::: DATASET RECORDS :::

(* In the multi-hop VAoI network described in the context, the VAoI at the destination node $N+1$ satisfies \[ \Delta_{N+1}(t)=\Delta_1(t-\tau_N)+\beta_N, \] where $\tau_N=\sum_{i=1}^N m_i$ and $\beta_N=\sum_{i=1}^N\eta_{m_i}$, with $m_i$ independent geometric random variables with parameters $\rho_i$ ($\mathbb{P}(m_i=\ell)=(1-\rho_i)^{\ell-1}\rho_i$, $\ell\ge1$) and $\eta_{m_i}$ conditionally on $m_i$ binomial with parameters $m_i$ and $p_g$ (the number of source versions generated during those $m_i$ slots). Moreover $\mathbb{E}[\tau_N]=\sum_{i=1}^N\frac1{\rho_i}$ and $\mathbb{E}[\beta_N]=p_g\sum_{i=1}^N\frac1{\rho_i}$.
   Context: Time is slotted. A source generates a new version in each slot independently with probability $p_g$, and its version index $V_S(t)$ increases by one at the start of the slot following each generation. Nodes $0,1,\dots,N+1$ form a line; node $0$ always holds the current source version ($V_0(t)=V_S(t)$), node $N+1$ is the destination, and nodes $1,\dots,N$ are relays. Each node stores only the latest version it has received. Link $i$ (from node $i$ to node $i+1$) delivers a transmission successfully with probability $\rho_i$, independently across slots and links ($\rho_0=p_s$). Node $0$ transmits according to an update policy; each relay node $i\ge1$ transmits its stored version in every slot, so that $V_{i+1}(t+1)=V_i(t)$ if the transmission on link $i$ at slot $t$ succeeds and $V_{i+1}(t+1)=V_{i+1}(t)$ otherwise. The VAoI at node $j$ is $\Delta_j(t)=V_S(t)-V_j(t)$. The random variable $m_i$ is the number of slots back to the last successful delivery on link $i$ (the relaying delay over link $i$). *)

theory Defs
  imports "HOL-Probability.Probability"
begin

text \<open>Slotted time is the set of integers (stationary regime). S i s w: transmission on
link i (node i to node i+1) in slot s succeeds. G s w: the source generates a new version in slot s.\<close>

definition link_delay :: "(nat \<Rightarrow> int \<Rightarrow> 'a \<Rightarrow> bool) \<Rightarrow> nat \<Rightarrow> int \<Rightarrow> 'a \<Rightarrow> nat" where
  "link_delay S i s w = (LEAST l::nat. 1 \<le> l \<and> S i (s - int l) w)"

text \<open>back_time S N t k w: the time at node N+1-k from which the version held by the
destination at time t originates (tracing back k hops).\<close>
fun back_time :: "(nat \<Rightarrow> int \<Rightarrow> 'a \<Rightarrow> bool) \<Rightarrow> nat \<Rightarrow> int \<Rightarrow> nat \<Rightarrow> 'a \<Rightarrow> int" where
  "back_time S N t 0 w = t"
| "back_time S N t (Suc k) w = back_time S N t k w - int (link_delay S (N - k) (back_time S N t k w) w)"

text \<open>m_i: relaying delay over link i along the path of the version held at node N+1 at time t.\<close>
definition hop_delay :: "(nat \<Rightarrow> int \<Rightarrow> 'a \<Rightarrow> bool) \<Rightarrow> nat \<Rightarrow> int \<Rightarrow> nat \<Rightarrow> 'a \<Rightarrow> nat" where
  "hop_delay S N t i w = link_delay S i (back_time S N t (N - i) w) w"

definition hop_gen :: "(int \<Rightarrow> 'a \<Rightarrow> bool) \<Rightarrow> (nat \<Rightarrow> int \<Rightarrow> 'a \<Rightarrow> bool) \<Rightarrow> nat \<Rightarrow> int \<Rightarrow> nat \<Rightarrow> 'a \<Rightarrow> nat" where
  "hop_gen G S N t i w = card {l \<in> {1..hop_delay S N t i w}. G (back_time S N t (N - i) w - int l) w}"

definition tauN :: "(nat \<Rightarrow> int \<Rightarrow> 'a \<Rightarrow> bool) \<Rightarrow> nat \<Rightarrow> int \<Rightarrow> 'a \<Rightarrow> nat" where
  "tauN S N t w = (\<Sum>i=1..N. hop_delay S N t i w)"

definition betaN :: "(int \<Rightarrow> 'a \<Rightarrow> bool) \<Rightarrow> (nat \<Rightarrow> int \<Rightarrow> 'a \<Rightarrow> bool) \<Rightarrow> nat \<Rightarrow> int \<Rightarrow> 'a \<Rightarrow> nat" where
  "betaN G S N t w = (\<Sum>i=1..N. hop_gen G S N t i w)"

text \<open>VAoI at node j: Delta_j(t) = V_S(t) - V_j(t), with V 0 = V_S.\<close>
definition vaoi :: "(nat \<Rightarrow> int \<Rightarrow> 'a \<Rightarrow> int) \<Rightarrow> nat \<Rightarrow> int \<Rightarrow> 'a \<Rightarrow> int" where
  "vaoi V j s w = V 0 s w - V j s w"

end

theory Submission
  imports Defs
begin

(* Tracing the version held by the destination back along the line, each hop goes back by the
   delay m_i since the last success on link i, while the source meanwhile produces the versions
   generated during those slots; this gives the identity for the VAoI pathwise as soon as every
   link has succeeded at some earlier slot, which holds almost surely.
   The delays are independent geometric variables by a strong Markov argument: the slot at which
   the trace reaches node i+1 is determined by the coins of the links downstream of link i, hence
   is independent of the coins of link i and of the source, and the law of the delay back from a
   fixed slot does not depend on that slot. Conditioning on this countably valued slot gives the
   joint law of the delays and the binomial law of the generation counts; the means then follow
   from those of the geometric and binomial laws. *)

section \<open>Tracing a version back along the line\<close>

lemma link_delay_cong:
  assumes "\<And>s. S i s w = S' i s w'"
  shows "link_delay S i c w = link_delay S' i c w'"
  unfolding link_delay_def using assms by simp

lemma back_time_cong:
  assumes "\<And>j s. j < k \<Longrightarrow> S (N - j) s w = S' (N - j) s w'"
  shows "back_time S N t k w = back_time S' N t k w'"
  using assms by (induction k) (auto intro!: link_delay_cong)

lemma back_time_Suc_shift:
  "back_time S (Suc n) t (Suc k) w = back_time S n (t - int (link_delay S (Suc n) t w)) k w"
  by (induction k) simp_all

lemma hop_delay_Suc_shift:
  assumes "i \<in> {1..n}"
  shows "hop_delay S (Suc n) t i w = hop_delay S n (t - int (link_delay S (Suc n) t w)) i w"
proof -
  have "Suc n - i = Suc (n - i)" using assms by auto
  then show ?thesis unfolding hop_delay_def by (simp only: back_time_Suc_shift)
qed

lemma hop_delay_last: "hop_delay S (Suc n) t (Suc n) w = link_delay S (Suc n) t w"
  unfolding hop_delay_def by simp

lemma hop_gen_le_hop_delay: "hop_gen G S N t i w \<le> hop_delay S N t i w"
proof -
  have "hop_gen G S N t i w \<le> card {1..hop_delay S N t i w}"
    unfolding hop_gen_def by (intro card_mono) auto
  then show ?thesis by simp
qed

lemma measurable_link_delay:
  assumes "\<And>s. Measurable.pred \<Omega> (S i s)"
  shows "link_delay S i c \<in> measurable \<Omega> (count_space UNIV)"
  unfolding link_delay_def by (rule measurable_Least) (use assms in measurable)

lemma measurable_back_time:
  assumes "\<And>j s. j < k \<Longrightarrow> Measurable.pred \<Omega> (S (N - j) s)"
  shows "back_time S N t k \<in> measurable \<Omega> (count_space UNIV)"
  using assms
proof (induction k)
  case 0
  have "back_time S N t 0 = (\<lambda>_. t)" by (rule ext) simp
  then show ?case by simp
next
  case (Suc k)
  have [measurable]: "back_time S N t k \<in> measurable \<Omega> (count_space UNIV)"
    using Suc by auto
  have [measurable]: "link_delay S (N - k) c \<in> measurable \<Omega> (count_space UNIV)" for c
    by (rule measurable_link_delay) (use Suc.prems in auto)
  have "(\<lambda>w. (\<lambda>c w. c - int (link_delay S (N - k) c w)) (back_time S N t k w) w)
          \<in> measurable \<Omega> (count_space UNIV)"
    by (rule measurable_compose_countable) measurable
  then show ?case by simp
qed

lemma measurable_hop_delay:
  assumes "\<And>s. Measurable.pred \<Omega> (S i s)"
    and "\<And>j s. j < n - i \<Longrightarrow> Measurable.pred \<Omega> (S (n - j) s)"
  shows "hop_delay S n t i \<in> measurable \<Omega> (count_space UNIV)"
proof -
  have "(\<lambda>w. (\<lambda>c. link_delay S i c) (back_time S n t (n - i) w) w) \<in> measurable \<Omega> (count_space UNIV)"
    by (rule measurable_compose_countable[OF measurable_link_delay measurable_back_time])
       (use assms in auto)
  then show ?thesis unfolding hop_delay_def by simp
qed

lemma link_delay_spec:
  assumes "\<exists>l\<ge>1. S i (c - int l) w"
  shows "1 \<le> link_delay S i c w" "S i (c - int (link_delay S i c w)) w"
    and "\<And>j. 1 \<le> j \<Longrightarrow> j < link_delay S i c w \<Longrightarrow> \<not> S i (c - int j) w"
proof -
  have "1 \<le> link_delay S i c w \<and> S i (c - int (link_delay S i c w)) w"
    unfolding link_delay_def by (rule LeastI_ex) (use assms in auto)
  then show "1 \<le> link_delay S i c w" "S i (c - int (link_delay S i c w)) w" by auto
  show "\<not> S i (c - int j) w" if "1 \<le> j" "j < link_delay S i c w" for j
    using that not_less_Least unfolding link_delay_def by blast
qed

:::
::: DATASET RECORDS :::

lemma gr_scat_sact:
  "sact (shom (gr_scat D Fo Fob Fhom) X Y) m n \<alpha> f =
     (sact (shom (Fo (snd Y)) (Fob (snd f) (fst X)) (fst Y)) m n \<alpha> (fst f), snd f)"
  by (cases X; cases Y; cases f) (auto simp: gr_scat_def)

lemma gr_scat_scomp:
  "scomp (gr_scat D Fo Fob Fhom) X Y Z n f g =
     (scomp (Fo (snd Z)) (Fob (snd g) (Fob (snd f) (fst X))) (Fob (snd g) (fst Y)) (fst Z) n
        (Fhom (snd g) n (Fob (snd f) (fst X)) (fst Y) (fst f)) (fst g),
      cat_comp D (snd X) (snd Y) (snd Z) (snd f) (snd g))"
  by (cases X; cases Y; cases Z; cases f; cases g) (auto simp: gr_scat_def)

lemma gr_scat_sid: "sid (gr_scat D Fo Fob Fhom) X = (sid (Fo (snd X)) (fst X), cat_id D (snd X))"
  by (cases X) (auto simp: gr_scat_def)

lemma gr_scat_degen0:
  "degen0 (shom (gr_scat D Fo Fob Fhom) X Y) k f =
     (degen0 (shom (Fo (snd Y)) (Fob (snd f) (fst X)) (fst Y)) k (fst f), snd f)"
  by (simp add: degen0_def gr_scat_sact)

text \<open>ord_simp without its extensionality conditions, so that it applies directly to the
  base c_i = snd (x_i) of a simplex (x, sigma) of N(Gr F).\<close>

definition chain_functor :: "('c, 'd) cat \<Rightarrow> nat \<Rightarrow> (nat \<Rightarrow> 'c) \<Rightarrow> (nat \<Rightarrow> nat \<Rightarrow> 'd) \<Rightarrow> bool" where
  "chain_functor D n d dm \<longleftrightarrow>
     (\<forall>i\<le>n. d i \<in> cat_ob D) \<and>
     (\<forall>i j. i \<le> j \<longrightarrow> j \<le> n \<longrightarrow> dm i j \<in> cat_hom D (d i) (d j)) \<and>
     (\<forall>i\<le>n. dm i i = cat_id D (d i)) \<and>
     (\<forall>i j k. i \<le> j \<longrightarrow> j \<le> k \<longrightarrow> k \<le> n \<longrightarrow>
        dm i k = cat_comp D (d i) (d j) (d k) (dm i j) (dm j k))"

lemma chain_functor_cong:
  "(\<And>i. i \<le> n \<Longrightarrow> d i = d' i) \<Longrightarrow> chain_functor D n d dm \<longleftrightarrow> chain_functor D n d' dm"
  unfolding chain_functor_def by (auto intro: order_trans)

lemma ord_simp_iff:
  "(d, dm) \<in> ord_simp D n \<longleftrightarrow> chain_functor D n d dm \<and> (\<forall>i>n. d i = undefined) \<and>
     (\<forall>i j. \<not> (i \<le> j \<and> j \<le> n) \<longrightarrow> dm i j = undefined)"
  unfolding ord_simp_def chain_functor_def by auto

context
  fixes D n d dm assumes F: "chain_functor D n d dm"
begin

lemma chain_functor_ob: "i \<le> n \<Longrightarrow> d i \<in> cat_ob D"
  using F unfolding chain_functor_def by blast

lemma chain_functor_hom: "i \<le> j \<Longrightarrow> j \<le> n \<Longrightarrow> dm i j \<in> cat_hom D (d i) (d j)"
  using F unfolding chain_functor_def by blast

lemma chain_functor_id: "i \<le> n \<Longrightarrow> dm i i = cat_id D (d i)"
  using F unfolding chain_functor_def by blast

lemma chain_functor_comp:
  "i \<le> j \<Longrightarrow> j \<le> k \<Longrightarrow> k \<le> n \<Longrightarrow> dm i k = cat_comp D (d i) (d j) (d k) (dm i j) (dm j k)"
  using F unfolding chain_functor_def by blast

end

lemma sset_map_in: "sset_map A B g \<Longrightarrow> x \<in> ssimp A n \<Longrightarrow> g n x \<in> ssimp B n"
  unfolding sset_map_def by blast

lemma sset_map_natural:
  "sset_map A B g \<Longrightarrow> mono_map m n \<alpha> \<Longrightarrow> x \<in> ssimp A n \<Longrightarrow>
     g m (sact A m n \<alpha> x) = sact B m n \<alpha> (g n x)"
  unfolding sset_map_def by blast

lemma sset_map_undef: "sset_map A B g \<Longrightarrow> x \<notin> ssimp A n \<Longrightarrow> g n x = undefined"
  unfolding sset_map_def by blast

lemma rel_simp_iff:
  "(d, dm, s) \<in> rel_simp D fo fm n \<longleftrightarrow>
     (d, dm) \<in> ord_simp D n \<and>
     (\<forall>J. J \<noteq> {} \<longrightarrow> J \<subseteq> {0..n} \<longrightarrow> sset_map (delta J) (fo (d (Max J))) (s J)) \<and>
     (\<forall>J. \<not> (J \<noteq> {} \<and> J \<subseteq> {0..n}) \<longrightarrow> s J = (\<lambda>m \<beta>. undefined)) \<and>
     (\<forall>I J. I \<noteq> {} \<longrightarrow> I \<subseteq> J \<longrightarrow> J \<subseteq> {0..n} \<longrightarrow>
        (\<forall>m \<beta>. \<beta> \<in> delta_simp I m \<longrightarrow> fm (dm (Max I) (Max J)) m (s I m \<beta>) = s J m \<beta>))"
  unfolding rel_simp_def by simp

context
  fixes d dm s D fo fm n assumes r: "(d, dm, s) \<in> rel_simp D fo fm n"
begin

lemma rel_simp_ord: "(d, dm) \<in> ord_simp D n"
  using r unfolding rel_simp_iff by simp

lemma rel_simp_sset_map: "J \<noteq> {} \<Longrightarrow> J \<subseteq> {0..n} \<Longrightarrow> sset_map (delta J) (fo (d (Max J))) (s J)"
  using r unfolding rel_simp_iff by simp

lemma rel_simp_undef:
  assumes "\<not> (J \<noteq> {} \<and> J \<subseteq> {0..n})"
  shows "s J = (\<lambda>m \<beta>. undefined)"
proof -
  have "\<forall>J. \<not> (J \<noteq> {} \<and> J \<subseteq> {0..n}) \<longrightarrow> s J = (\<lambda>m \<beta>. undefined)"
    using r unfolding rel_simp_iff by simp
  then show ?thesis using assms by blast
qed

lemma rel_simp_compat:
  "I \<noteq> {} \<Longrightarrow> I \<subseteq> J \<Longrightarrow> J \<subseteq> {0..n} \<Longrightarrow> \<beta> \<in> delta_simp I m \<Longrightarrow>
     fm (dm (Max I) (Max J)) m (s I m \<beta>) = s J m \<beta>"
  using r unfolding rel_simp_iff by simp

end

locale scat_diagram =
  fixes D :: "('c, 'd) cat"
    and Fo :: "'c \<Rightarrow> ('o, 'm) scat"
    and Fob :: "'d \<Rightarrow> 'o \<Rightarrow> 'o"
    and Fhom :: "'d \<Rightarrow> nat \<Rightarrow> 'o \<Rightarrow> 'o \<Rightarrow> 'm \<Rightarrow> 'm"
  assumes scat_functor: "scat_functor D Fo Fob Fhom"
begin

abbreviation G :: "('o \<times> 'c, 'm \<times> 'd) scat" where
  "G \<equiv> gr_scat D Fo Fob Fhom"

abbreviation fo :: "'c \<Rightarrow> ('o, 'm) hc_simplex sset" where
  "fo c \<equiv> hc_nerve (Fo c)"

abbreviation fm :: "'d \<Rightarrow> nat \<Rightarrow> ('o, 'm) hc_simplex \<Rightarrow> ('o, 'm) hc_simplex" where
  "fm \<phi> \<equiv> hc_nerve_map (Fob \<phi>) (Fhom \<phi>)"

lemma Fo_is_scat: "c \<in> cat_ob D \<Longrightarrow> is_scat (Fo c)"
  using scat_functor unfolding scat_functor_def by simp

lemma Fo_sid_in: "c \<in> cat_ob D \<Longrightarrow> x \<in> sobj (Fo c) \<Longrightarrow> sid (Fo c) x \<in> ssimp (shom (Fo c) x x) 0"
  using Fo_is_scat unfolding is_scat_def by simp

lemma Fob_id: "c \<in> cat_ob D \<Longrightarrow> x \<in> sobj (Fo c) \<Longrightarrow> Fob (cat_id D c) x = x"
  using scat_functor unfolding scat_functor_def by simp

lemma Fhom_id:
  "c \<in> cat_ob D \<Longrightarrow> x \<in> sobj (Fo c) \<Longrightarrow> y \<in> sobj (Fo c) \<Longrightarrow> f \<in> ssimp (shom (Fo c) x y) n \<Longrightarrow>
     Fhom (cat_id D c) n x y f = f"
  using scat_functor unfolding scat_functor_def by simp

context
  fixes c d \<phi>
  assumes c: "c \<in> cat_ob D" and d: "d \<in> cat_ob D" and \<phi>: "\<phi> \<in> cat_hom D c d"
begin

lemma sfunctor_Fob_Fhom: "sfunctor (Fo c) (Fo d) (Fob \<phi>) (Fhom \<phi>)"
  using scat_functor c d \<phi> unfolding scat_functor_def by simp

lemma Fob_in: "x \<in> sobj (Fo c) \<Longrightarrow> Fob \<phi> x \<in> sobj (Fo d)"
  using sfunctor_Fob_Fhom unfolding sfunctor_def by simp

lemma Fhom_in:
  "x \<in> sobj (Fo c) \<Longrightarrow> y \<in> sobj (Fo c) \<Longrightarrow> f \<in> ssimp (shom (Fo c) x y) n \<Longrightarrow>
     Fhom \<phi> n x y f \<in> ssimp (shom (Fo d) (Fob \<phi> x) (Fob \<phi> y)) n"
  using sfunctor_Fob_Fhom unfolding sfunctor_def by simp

:::
::: DATASET RECORDS :::

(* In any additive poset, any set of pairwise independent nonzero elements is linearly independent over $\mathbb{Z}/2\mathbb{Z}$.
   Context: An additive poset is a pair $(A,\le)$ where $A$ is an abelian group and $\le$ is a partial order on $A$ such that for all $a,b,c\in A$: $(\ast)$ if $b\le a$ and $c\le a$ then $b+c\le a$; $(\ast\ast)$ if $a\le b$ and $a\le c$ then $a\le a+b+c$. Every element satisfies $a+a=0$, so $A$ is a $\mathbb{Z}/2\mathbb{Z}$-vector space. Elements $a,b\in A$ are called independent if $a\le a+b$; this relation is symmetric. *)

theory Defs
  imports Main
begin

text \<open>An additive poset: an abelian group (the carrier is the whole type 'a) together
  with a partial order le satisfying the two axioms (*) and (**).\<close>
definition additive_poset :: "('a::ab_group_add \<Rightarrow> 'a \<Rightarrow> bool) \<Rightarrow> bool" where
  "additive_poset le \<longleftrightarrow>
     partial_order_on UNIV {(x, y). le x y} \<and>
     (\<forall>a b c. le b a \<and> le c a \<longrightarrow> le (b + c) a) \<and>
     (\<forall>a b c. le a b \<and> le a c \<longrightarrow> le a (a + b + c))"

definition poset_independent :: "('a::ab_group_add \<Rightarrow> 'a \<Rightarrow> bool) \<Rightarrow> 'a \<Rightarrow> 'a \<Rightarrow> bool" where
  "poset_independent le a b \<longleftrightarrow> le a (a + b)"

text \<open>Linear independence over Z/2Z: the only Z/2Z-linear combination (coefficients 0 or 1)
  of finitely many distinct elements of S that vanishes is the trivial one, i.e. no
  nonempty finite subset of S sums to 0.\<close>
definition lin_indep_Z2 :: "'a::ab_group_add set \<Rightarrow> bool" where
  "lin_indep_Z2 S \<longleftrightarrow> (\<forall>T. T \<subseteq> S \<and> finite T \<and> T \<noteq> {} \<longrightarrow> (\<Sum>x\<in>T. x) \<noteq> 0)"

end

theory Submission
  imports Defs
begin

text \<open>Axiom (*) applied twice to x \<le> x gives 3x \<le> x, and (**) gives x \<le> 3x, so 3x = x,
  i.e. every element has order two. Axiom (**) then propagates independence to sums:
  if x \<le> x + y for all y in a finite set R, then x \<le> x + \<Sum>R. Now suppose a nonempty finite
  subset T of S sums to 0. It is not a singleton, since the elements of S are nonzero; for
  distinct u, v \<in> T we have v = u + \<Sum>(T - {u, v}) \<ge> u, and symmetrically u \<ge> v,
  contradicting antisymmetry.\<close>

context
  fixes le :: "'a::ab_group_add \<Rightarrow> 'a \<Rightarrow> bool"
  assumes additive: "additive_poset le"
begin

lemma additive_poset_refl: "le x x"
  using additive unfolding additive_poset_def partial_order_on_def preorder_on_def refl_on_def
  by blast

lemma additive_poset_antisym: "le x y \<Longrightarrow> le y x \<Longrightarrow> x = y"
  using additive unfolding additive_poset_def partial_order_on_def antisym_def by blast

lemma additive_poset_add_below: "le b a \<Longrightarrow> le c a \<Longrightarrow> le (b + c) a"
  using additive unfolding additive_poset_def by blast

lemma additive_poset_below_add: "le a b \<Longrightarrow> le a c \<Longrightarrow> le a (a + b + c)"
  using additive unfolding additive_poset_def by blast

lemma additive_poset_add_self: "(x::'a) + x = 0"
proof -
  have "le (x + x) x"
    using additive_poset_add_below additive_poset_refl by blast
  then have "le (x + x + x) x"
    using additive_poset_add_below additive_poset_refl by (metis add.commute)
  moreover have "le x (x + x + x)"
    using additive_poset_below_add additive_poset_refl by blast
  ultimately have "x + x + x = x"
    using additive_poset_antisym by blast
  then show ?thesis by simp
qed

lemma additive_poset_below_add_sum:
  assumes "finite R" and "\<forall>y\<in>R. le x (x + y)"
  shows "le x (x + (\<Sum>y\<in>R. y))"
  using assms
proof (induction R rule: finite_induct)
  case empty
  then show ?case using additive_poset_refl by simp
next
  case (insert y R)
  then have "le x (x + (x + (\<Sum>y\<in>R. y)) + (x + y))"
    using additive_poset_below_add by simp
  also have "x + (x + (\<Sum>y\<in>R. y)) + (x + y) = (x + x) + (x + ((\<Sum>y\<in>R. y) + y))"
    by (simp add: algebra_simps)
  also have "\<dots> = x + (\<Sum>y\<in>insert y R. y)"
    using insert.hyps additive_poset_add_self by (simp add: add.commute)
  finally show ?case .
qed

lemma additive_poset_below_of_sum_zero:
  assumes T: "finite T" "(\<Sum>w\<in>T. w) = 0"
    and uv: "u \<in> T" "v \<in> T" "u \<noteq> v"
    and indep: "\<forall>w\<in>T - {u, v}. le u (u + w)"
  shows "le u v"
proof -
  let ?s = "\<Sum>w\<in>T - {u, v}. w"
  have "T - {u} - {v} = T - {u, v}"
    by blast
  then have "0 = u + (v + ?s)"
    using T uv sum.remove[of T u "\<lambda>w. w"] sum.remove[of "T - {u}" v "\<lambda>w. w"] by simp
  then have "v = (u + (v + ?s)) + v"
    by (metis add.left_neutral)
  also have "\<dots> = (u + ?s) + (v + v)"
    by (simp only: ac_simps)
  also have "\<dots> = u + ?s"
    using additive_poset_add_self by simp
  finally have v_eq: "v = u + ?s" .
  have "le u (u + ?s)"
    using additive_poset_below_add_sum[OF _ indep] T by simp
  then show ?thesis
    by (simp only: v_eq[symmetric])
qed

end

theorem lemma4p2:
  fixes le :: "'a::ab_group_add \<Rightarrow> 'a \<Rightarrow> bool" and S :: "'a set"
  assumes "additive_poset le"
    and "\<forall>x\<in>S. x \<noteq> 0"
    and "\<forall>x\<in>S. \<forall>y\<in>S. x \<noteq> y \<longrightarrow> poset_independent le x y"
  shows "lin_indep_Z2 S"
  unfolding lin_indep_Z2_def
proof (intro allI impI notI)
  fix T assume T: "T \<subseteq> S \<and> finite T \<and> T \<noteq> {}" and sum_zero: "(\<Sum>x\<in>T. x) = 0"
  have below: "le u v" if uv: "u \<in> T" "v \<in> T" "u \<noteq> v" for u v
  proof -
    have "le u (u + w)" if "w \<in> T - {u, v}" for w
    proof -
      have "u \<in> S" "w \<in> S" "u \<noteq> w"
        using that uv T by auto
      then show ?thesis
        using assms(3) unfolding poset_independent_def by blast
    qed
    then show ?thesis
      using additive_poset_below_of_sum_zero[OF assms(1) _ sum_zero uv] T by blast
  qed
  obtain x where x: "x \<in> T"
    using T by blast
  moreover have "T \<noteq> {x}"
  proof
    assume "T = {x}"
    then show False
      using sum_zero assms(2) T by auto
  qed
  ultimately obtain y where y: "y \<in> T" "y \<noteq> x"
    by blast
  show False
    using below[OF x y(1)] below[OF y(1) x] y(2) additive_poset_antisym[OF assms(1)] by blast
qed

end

:::

### ACTION ITEM:
Your answer should consist only of the lines above between the line holding "S i s w = S'" and the line holding "back_time S' N", inclusive, each transcribed exactly.

### RESPONSE BELOW:
  assumes "\<And>s. S i s w = S' i s w'"
  shows "link_delay S i c w = link_delay S' i c w'"
  unfolding link_delay_def using assms by simp

lemma back_time_cong:
  assumes "\<And>j s. j < k \<Longrightarrow> S (N - j) s w = S' (N - j) s w'"
  shows "back_time S N t k w = back_time S' N t k w'"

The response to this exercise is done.